## Exercise description
Starting with the line that contains "by (simp add: c_def sum_divide_distrib[symmetric]" and stopping after the line that contains "using minimal_solution_sum_mult_sum_le[OF assms]", return each line below exactly as written, with no others.

[[ Data for the task open ]]

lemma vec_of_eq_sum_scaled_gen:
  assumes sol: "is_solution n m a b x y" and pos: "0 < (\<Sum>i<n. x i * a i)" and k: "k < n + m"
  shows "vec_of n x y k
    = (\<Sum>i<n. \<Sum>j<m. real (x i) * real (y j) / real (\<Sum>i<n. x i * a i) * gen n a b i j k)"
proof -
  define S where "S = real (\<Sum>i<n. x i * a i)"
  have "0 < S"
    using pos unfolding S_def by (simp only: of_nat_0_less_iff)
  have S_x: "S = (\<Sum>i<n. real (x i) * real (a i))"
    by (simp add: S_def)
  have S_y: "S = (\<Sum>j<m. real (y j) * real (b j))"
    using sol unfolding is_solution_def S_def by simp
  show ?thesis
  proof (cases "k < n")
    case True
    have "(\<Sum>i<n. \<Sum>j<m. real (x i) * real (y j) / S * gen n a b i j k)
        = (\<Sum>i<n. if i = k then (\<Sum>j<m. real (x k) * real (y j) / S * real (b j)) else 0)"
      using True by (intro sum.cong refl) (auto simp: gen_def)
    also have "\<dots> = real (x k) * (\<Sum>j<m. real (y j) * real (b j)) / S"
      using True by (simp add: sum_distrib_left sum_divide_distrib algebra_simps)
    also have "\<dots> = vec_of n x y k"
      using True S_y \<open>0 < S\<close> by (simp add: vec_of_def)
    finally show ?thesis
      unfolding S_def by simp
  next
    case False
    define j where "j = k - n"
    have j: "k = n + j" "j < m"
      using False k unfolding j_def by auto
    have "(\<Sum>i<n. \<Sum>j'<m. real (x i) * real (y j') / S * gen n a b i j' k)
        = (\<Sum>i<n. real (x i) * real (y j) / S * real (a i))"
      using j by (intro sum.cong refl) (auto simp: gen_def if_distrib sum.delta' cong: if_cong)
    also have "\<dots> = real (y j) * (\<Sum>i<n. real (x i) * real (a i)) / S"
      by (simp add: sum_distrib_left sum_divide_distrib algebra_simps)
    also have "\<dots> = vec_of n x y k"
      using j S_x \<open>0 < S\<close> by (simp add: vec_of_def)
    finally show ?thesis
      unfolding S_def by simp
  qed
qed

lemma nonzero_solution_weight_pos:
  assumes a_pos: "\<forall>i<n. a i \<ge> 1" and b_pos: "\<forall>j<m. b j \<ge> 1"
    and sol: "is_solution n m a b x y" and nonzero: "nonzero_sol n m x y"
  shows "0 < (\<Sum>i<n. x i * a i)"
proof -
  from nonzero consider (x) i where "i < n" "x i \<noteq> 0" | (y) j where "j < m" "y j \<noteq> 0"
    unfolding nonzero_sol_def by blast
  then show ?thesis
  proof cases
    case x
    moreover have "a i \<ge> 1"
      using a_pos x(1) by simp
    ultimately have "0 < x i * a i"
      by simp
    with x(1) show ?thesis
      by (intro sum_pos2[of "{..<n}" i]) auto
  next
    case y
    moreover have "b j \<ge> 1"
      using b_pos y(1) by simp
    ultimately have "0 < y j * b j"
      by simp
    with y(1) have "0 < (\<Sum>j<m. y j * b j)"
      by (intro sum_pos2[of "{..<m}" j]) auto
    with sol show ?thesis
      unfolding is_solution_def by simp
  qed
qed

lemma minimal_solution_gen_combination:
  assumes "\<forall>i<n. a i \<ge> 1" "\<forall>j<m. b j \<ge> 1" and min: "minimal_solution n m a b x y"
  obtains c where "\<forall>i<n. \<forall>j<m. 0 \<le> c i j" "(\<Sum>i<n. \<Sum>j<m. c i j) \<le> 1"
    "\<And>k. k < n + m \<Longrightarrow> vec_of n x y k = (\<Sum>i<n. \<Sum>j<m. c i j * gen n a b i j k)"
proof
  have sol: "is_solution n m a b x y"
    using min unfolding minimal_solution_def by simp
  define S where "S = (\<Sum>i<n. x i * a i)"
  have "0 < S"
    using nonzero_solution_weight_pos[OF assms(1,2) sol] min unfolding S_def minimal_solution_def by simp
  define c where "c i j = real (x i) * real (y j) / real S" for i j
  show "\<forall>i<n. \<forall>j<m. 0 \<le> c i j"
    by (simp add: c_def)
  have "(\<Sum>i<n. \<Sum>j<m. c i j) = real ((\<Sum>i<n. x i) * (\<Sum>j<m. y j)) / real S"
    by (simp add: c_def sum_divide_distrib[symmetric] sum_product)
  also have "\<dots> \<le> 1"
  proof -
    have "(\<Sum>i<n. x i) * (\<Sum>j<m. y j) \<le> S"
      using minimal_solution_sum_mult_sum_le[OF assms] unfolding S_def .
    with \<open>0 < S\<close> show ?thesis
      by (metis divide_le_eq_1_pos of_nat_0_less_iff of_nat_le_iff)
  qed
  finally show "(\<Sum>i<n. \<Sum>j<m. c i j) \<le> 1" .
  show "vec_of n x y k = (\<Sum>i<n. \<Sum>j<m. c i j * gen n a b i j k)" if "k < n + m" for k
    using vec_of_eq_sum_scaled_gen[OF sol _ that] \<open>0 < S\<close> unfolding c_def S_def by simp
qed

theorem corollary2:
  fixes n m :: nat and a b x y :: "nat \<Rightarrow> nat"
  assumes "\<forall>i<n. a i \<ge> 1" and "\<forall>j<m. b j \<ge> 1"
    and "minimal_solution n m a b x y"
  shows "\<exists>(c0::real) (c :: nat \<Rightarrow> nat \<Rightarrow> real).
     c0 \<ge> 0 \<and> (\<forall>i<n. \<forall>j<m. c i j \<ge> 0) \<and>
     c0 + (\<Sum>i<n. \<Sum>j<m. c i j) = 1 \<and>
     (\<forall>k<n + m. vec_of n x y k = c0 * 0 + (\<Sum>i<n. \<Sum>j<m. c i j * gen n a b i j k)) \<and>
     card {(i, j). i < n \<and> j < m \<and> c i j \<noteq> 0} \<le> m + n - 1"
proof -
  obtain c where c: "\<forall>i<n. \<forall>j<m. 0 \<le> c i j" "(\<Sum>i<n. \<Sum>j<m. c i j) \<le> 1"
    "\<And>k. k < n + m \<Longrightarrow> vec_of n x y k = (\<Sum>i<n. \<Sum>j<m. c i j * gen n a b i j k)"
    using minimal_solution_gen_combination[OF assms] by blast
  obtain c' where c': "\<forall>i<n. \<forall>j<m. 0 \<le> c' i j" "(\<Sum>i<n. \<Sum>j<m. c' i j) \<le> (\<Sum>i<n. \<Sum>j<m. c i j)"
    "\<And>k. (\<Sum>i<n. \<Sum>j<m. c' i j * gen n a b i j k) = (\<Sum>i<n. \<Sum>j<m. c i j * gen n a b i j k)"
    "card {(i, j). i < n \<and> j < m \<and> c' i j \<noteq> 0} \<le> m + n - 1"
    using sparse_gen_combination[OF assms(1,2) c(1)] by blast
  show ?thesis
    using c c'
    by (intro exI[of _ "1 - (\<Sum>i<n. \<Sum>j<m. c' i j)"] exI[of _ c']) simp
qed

[[ Data for the task closed ]]

## Task output
    by (simp add: c_def sum_divide_distrib[symmetric] sum_product)
  also have "\<dots> \<le> 1"
  proof -
    have "(\<Sum>i<n. x i) * (\<Sum>j<m. y j) \<le> S"
      using minimal_solution_sum_mult_sum_le[OF assms] unfolding S_def .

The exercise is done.